Illustration: Church marble floor design from Venice.
It must seem sometimes as if Venice is awash with a complexity of floor designs for both religious and secular buildings. There are a number of explanations, reasoning's and conjecture as to why this should be, ranging from its Byzantine roots, its undoubted wealth and its climate. Whatever the real reasons, the city has produced some of the most fascinating, complex and richly textured floor decoration to be found anywhere in Europe, and certainly some of the best surviving examples that we have.
Much of the work is marble based with insets of semi-precious materials such as lapis lazuli, offsetting the rich earth tones that make up so much of the decorative work. The examples shown here are all from Venice bar two which originate from Ravenna a city that also has a long tradition and a very long connection with Byzantium. It is perhaps this very real connection with the Byzantine Empire and its sophisticated decorative arts system, a craft tradition that was often both admired and envied in equal measures, that gave the initial impetus to this very specialised decorative tradition.

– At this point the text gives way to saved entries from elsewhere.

(* Let $X$ and $Y$ be Banach spaces and $\kappa$ an infinite cardinal. Then $X\oplus_\infty Y$ is $\mathrm{ASQ}_{<\kappa}$ if and only if $X$ or $Y$ is $\mathrm{ASQ}_{<\kappa}$. Likewise, $X\oplus_\infty Y$ is $\mathrm{SQ}_{<\kappa}$ if and only if $X$ or $Y$ is $\mathrm{SQ}_{<\kappa}$.
   Context: $X\oplus_\infty Y$ is $X\times Y$ with norm $\|(x,y)\|=\max\{\|x\|,\|y\|\}$. A Banach space $Z$ is $\mathrm{ASQ}_{<\kappa}$ if for every set $A\subset S_Z$ with $|A|<\kappa$ and every $\varepsilon>0$ there exists $y\in S_Z$ with $\|x\pm y\|\le 1+\varepsilon$ for all $x\in A$; $Z$ is $\mathrm{SQ}_{<\kappa}$ if for every such $A$ there exists $y\in S_Z$ with $\|x\pm y\|\le 1$ for all $x\in A$. *)

theory Defs
  imports "HOL-Analysis.Analysis"
begin

text \<open>The unit sphere is the set of vectors of N-norm 1. Cardinals are
represented as in BNF_Cardinal_Order_Relation: kappa is a cardinal order relation,
and |A| < kappa is card_of A strictly less than kappa.\<close>

definition ASQ_lt_wrt :: "('v::real_vector \<Rightarrow> real) \<Rightarrow> 'c rel \<Rightarrow> bool" where
  "ASQ_lt_wrt N \<kappa> \<longleftrightarrow>
     (\<forall>A. A \<subseteq> {x. N x = 1} \<and> (card_of A, \<kappa>) \<in> ordLess \<longrightarrow>
        (\<forall>\<epsilon>>0. \<exists>y. N y = 1 \<and> (\<forall>x\<in>A. N (x + y) \<le> 1 + \<epsilon> \<and> N (x - y) \<le> 1 + \<epsilon>)))"

definition SQ_lt_wrt :: "('v::real_vector \<Rightarrow> real) \<Rightarrow> 'c rel \<Rightarrow> bool" where
  "SQ_lt_wrt N \<kappa> \<longleftrightarrow>
     (\<forall>A. A \<subseteq> {x. N x = 1} \<and> (card_of A, \<kappa>) \<in> ordLess \<longrightarrow>
        (\<exists>y. N y = 1 \<and> (\<forall>x\<in>A. N (x + y) \<le> 1 \<and> N (x - y) \<le> 1)))"

abbreviation ASQ_lt :: "'c rel \<Rightarrow> 'v::real_normed_vector itself \<Rightarrow> bool" where
  "ASQ_lt \<kappa> _ \<equiv> ASQ_lt_wrt (norm :: 'v \<Rightarrow> real) \<kappa>"

abbreviation SQ_lt :: "'c rel \<Rightarrow> 'v::real_normed_vector itself \<Rightarrow> bool" where
  "SQ_lt \<kappa> _ \<equiv> SQ_lt_wrt (norm :: 'v \<Rightarrow> real) \<kappa>"

definition linf_norm :: "('a::real_normed_vector \<times> 'b::real_normed_vector) \<Rightarrow> real" where
  "linf_norm z = max (norm (fst z)) (norm (snd z))"

end

theory Submission
  imports Defs
begin

text \<open>ASQ and SQ are the cases \<open>\<epsilon> > 0\<close> and \<open>\<epsilon> = 0\<close> of one \<open>\<epsilon>\<close>-tolerant property.
  If \<open>y \<in> S\<^sub>X\<close> is a witness for the normalised nonzero first components of \<open>A\<close>, then \<open>(y, 0)\<close>
  is a witness for \<open>A\<close> in \<open>X \<oplus>\<^sub>\<infinity> Y\<close>: first components lie in the unit ball, and convexity
  extends the estimate \<open>\<parallel>u \<plusminus> y\<parallel> \<le> 1 + \<epsilon>\<close> from unit vectors \<open>u\<close> to the ball.
  Conversely, if \<open>A\<^sub>1 \<subseteq> S\<^sub>X\<close> and \<open>A\<^sub>2 \<subseteq> S\<^sub>Y\<close> admit no witness, then \<open>A\<^sub>1 \<times> {0} \<union> {0} \<times> A\<^sub>2\<close>
  still has fewer than \<open>\<kappa>\<close> elements since \<open>\<kappa>\<close> is infinite, and every unit vector \<open>(y\<^sub>1, y\<^sub>2)\<close>
  has a component of norm one, which \<open>A\<^sub>1\<close> resp. \<open>A\<^sub>2\<close> defeats.\<close>

definition SQ_lt_tol_wrt :: "('v::real_vector \<Rightarrow> real) \<Rightarrow> 'c rel \<Rightarrow> real \<Rightarrow> bool" where
  "SQ_lt_tol_wrt N \<kappa> \<epsilon> \<longleftrightarrow>
     (\<forall>A. A \<subseteq> {x. N x = 1} \<and> (card_of A, \<kappa>) \<in> ordLess \<longrightarrow>
        (\<exists>y. N y = 1 \<and> (\<forall>x\<in>A. N (x + y) \<le> 1 + \<epsilon> \<and> N (x - y) \<le> 1 + \<epsilon>)))"

lemma ASQ_lt_wrt_iff_tol: "ASQ_lt_wrt N \<kappa> \<longleftrightarrow> (\<forall>\<epsilon>>0. SQ_lt_tol_wrt N \<kappa> \<epsilon>)"
  unfolding ASQ_lt_wrt_def SQ_lt_tol_wrt_def by blast

lemma SQ_lt_wrt_iff_tol: "SQ_lt_wrt N \<kappa> \<longleftrightarrow> SQ_lt_tol_wrt N \<kappa> 0"
  unfolding SQ_lt_wrt_def SQ_lt_tol_wrt_def by simp

lemma SQ_lt_tol_wrt_mono:
  "SQ_lt_tol_wrt N \<kappa> \<epsilon> \<Longrightarrow> \<epsilon> \<le> \<delta> \<Longrightarrow> SQ_lt_tol_wrt N \<kappa> \<delta>"
  unfolding SQ_lt_tol_wrt_def by (meson add_left_mono order_trans)

lemma card_of_image_ordLess:
  "(card_of A, \<kappa>) \<in> ordLess \<Longrightarrow> (card_of (f ` A), \<kappa>) \<in> ordLess"
  using card_of_image ordLeq_ordLess_trans by blast

lemma norm_scaleR_add_le:
  fixes u y :: "'a::real_normed_vector"
  assumes "norm (u + y) \<le> c" "norm y \<le> 1" "1 \<le> c" "0 \<le> t" "t \<le> 1"
  shows "norm (t *\<^sub>R u + y) \<le> c"
proof -
  have "t *\<^sub>R u + y = t *\<^sub>R (u + y) + (1 - t) *\<^sub>R y"
    by (simp add: algebra_simps)
  then have "norm (t *\<^sub>R u + y) \<le> t * norm (u + y) + (1 - t) * norm y"
    using assms(4,5) by (metis abs_of_nonneg diff_ge_0_iff_ge norm_scaleR norm_triangle_ineq)
  also have "\<dots> \<le> t * c + (1 - t) * 1"
    using assms by (intro add_mono mult_left_mono) auto
  also have "\<dots> \<le> c"
  proof -
    have "0 \<le> (1 - t) * (c - 1)"
      using assms(3,5) by simp
    then show ?thesis
      by (simp add: algebra_simps)
  qed
  finally show ?thesis .
qed

lemma norm_add_diff_le_of_sgn:
  fixes a y :: "'a::real_normed_vector"
  assumes "norm a \<le> 1" "norm y = 1" "0 \<le> \<epsilon>"
    and sgn_le: "a \<noteq> 0 \<Longrightarrow> norm (sgn a + y) \<le> 1 + \<epsilon> \<and> norm (sgn a - y) \<le> 1 + \<epsilon>"
  shows "norm (a + y) \<le> 1 + \<epsilon> \<and> norm (a - y) \<le> 1 + \<epsilon>"
proof (cases "a = 0")
  case True
  then show ?thesis using assms by simp
next
  case False
  have a: "a = norm a *\<^sub>R sgn a"
    by (simp add: sgn_div_norm False)
  have "norm (norm a *\<^sub>R sgn a + z) \<le> 1 + \<epsilon>" if "z = y \<or> z = - y" for z
    by (rule norm_scaleR_add_le) (use that sgn_le[OF False] assms in auto)
  then show ?thesis
    using a by (metis diff_conv_add_uminus)
qed

lemma SQ_lt_tol_linf_fst:
  assumes sq: "SQ_lt_tol_wrt (norm :: 'a::real_normed_vector \<Rightarrow> real) \<kappa> \<epsilon>" and "0 \<le> \<epsilon>"
  shows "SQ_lt_tol_wrt (linf_norm :: 'a \<times> 'b::real_normed_vector \<Rightarrow> real) \<kappa> \<epsilon>"
  unfolding SQ_lt_tol_wrt_def
proof (intro allI impI)
  fix A :: "('a \<times> 'b) set"
  assume A: "A \<subseteq> {x. linf_norm x = 1} \<and> (card_of A, \<kappa>) \<in> ordLess"
  define B where "B = sgn ` (fst ` A - {0})"
  have "B \<subseteq> {u. norm u = 1}"
    by (auto simp: B_def norm_sgn)
  moreover have "(card_of B, \<kappa>) \<in> ordLess"
    unfolding B_def using A card_of_mono1[of "fst ` A - {0}" "fst ` A"]
    by (blast intro: card_of_image_ordLess ordLeq_ordLess_trans)
  ultimately obtain y where y: "norm y = 1"
      "\<forall>u\<in>B. norm (u + y) \<le> 1 + \<epsilon> \<and> norm (u - y) \<le> 1 + \<epsilon>"
    using sq unfolding SQ_lt_tol_wrt_def by blast
  show "\<exists>z. linf_norm z = 1 \<and> (\<forall>x\<in>A. linf_norm (x + z) \<le> 1 + \<epsilon> \<and> linf_norm (x - z) \<le> 1 + \<epsilon>)"
  proof (intro exI[of _ "(y, 0)"] conjI ballI)
    show "linf_norm (y, 0::'b) = 1"
      using y by (simp add: linf_norm_def)
    fix x
    assume x: "x \<in> A"
    then have x_norm: "max (norm (fst x)) (norm (snd x)) = 1"
      using A by (auto simp: linf_norm_def)
    have "norm (fst x + y) \<le> 1 + \<epsilon> \<and> norm (fst x - y) \<le> 1 + \<epsilon>"
    proof (rule norm_add_diff_le_of_sgn)
      assume "fst x \<noteq> 0"
      with x have "sgn (fst x) \<in> B"
        by (auto simp: B_def)
      with y show "norm (sgn (fst x) + y) \<le> 1 + \<epsilon> \<and> norm (sgn (fst x) - y) \<le> 1 + \<epsilon>"
        by blast
    qed (use x_norm y \<open>0 \<le> \<epsilon>\<close> in auto)
    moreover have "norm (snd x) \<le> 1 + \<epsilon>"
      using x_norm \<open>0 \<le> \<epsilon>\<close> by linarith
    ultimately show "linf_norm (x + (y, 0)) \<le> 1 + \<epsilon>" "linf_norm (x - (y, 0)) \<le> 1 + \<epsilon>"
      by (auto simp: linf_norm_def)
  qed
qed

lemma linf_norm_swap: "linf_norm (prod.swap z) = linf_norm z"
  by (simp add: linf_norm_def max.commute)

lemma SQ_lt_tol_linf_swap:
  assumes "SQ_lt_tol_wrt (linf_norm :: 'a::real_normed_vector \<times> 'b::real_normed_vector \<Rightarrow> real) \<kappa> \<epsilon>"
  shows "SQ_lt_tol_wrt (linf_norm :: 'b \<times> 'a \<Rightarrow> real) \<kappa> \<epsilon>"
  unfolding SQ_lt_tol_wrt_def
proof (intro allI impI)
  fix A :: "('b \<times> 'a) set"
  assume A: "A \<subseteq> {x. linf_norm x = 1} \<and> (card_of A, \<kappa>) \<in> ordLess"
  then have swap_A: "prod.swap ` A \<subseteq> {x. linf_norm x = 1} \<and> (card_of (prod.swap ` A), \<kappa>) \<in> ordLess"
    by (intro conjI image_subsetI card_of_image_ordLess) (simp_all add: linf_norm_swap subset_eq)
  obtain y :: "'a \<times> 'b" where y: "linf_norm y = 1"
      "\<forall>x\<in>A. linf_norm (prod.swap x + y) \<le> 1 + \<epsilon> \<and> linf_norm (prod.swap x - y) \<le> 1 + \<epsilon>"
    using assms[unfolded SQ_lt_tol_wrt_def, rule_format, OF swap_A] by auto
  have "x + prod.swap y = prod.swap (prod.swap x + y)" "x - prod.swap y = prod.swap (prod.swap x - y)"
    for x :: "'b \<times> 'a"
    by (simp_all add: prod_eq_iff)
  with y show "\<exists>z. linf_norm z = 1 \<and> (\<forall>x\<in>A. linf_norm (x + z) \<le> 1 + \<epsilon> \<and> linf_norm (x - z) \<le> 1 + \<epsilon>)"
    by (intro exI[of _ "prod.swap y"]) (simp add: linf_norm_swap)
qed

lemma SQ_lt_tol_linf_snd:
  assumes "SQ_lt_tol_wrt (norm :: 'b::real_normed_vector \<Rightarrow> real) \<kappa> \<epsilon>" and "0 \<le> \<epsilon>"
  shows "SQ_lt_tol_wrt (linf_norm :: 'a::real_normed_vector \<times> 'b \<Rightarrow> real) \<kappa> \<epsilon>"
  by (rule SQ_lt_tol_linf_swap[OF SQ_lt_tol_linf_fst[OF assms]])

lemma not_SQ_lt_tol_linf:
  fixes \<kappa> :: "'c rel"
  assumes \<kappa>: "Card_order \<kappa>" "\<not> finite (Field \<kappa>)"
    and not_X: "\<not> SQ_lt_tol_wrt (norm :: 'a::real_normed_vector \<Rightarrow> real) \<kappa> \<epsilon>"
    and not_Y: "\<not> SQ_lt_tol_wrt (norm :: 'b::real_normed_vector \<Rightarrow> real) \<kappa> \<epsilon>"
  shows "\<not> SQ_lt_tol_wrt (linf_norm :: 'a \<times> 'b \<Rightarrow> real) \<kappa> \<epsilon>"
proof
  assume sq: "SQ_lt_tol_wrt (linf_norm :: 'a \<times> 'b \<Rightarrow> real) \<kappa> \<epsilon>"
  obtain A1 :: "'a set" where A1: "A1 \<subseteq> {x. norm x = 1}" "(card_of A1, \<kappa>) \<in> ordLess"
    and bad1: "\<And>y. norm y = 1 \<Longrightarrow> \<exists>x\<in>A1. \<not> (norm (x + y) \<le> 1 + \<epsilon> \<and> norm (x - y) \<le> 1 + \<epsilon>)"
    using not_X unfolding SQ_lt_tol_wrt_def by blast
  obtain A2 :: "'b set" where A2: "A2 \<subseteq> {x. norm x = 1}" "(card_of A2, \<kappa>) \<in> ordLess"
    and bad2: "\<And>y. norm y = 1 \<Longrightarrow> \<exists>x\<in>A2. \<not> (norm (x + y) \<le> 1 + \<epsilon> \<and> norm (x - y) \<le> 1 + \<epsilon>)"
    using not_Y unfolding SQ_lt_tol_wrt_def by blast
  define A where "A = (\<lambda>a. (a, 0::'b)) ` A1 \<union> (\<lambda>b. (0::'a, b)) ` A2"
  have "A \<subseteq> {x. linf_norm x = 1}"
    using A1 A2 by (auto simp: A_def linf_norm_def)
  moreover have "(card_of A, \<kappa>) \<in> ordLess"
    unfolding A_def using A1(2) A2(2)
    by (intro card_of_Un_ordLess_infinite_Field \<kappa> card_of_image_ordLess)
  ultimately obtain y :: "'a \<times> 'b" where y: "linf_norm y = 1"
      "\<forall>x\<in>A. linf_norm (x + y) \<le> 1 + \<epsilon> \<and> linf_norm (x - y) \<le> 1 + \<epsilon>"
    using sq unfolding SQ_lt_tol_wrt_def by blast
  consider "norm (fst y) = 1" | "norm (snd y) = 1"
    using y(1) unfolding linf_norm_def by linarith
  then show False
  proof cases
    case 1
    then obtain a where "a \<in> A1" "\<not> (norm (a + fst y) \<le> 1 + \<epsilon> \<and> norm (a - fst y) \<le> 1 + \<epsilon>)"
      using bad1 by blast
    moreover from \<open>a \<in> A1\<close> have "(a, 0) \<in> A"
      by (simp add: A_def)
    ultimately show False
      using y(2) by (fastforce simp: linf_norm_def)
  next
    case 2
    then obtain b where "b \<in> A2" "\<not> (norm (b + snd y) \<le> 1 + \<epsilon> \<and> norm (b - snd y) \<le> 1 + \<epsilon>)"
      using bad2 by blast
    moreover from \<open>b \<in> A2\<close> have "(0, b) \<in> A"
      by (simp add: A_def)
    ultimately show False
      using y(2) by (fastforce simp: linf_norm_def)
  qed
qed

lemma not_ASQ_lt_wrt_linf:
  fixes \<kappa> :: "'c rel"
  assumes \<kappa>: "Card_order \<kappa>" "\<not> finite (Field \<kappa>)"
    and "\<not> ASQ_lt_wrt (norm :: 'a::real_normed_vector \<Rightarrow> real) \<kappa>"
    and "\<not> ASQ_lt_wrt (norm :: 'b::real_normed_vector \<Rightarrow> real) \<kappa>"
  shows "\<not> ASQ_lt_wrt (linf_norm :: 'a \<times> 'b \<Rightarrow> real) \<kappa>"
proof -
  obtain \<epsilon>1 \<epsilon>2 where "\<epsilon>1 > 0" "\<not> SQ_lt_tol_wrt (norm :: 'a \<Rightarrow> real) \<kappa> \<epsilon>1"
      "\<epsilon>2 > 0" "\<not> SQ_lt_tol_wrt (norm :: 'b \<Rightarrow> real) \<kappa> \<epsilon>2"
    using assms(3,4) unfolding ASQ_lt_wrt_iff_tol by blast
  then have "\<not> SQ_lt_tol_wrt (norm :: 'a \<Rightarrow> real) \<kappa> (min \<epsilon>1 \<epsilon>2)"
      "\<not> SQ_lt_tol_wrt (norm :: 'b \<Rightarrow> real) \<kappa> (min \<epsilon>1 \<epsilon>2)"
    by (metis SQ_lt_tol_wrt_mono min.cobounded1, metis SQ_lt_tol_wrt_mono min.cobounded2)
  then have "\<not> SQ_lt_tol_wrt (linf_norm :: 'a \<times> 'b \<Rightarrow> real) \<kappa> (min \<epsilon>1 \<epsilon>2)"
    by (rule not_SQ_lt_tol_linf[OF \<kappa>])
  moreover have "min \<epsilon>1 \<epsilon>2 > 0"
    using \<open>\<epsilon>1 > 0\<close> \<open>\<epsilon>2 > 0\<close> by simp
  ultimately show ?thesis
    unfolding ASQ_lt_wrt_iff_tol by blast
qed

theorem corollary4p2:
  fixes \<kappa> :: "'c rel"
  assumes "Card_order \<kappa>" and "\<not> finite (Field \<kappa>)"
  shows "(ASQ_lt_wrt (linf_norm :: 'a::banach \<times> 'b::banach \<Rightarrow> real) \<kappa>
            \<longleftrightarrow> ASQ_lt \<kappa> TYPE('a) \<or> ASQ_lt \<kappa> TYPE('b))
       \<and> (SQ_lt_wrt (linf_norm :: 'a \<times> 'b \<Rightarrow> real) \<kappa>
            \<longleftrightarrow> SQ_lt \<kappa> TYPE('a) \<or> SQ_lt \<kappa> TYPE('b))"
proof (intro conjI iffI)
  show "ASQ_lt \<kappa> TYPE('a) \<or> ASQ_lt \<kappa> TYPE('b)"
    if "ASQ_lt_wrt (linf_norm :: 'a \<times> 'b \<Rightarrow> real) \<kappa>"
    using that not_ASQ_lt_wrt_linf[OF assms] by blast
  show "ASQ_lt_wrt (linf_norm :: 'a \<times> 'b \<Rightarrow> real) \<kappa>"
    if "ASQ_lt \<kappa> TYPE('a) \<or> ASQ_lt \<kappa> TYPE('b)"
    using that unfolding ASQ_lt_wrt_iff_tol
    by (meson less_imp_le SQ_lt_tol_linf_fst SQ_lt_tol_linf_snd)
  show "SQ_lt \<kappa> TYPE('a) \<or> SQ_lt \<kappa> TYPE('b)"
    if "SQ_lt_wrt (linf_norm :: 'a \<times> 'b \<Rightarrow> real) \<kappa>"
    using that unfolding SQ_lt_wrt_iff_tol by (meson not_SQ_lt_tol_linf[OF assms])
  show "SQ_lt_wrt (linf_norm :: 'a \<times> 'b \<Rightarrow> real) \<kappa>"
    if "SQ_lt \<kappa> TYPE('a) \<or> SQ_lt \<kappa> TYPE('b)"
    using that unfolding SQ_lt_wrt_iff_tol by (meson order_refl SQ_lt_tol_linf_fst SQ_lt_tol_linf_snd)
qed

end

Illustration: Church marble floor design from Venice.
Venetian decorative floors cover the whole gambit of decorative styles, as well as that of different historic eras. There are floors that are closer in style to that of the old Roman mosaic floors, complete with imagery of animals and plant life as well as the incorporation of decorative borders. There are also medieval styled floors, very often incorporated into religious buildings. These are often symbolically driven and therefore have medallions dedicated to saints, as well as the usual decorative abstract insets and borders. The three Venetian examples shown in this article are very much part of a more sophisticated Renaissance style, one that used a system of abstract mathematical decoration, often including an optical illusional concept whereby different multi-sided shapes would be incorporated into the pattern work. However, it would be true to say that many of the Renaissance era floor patterns were very much rooted in the pattern work produced in the medieval period.
Illustration: Marble floor design from St Mark's Basilica, Venice.
Although this sophisticated style is undoubtedly a reflection of the rich tradition that is such an integral part of the decoration and ornament of Venice, it is also a tradition that encompassed much of medieval Europe. There are many floors of tile, mosaic and inset pattern work, much of it perhaps surprisingly geometrically and mathematically more complex than perhaps we would at first assume, particularly for a period that is still often classed today as being a relatively simple and unsophisticated European era.
Many of these complex floors decorated religious buildings and would no doubt have had a spiritual dimension to them as well as one that was purely decorative. The complex pattern work could well have reflected, at least in part, the often rich and aesthetic qualities of the medieval mind. Some have noted that the significance of the complexity of floor designs within a religious context, might well have had something to do with ideas of humility, where the individual would have lowered their eyes within the church and therefore have contemplated the intricacy that could be found on the floor, rather than allowing their eyes to wander around. Whatever the true reasoning behind the amount of effort put into these floor patterns, and there is probably more than one, much of the spiritual and philosophical understanding that enriched and embellished the original pattern work, has now gone and that is certainly a shame. However, we are still left with some of the most beautifully elaborate and intricately decorated floors produced in any era.
Illustration: Church marble floor designs from Ravenna.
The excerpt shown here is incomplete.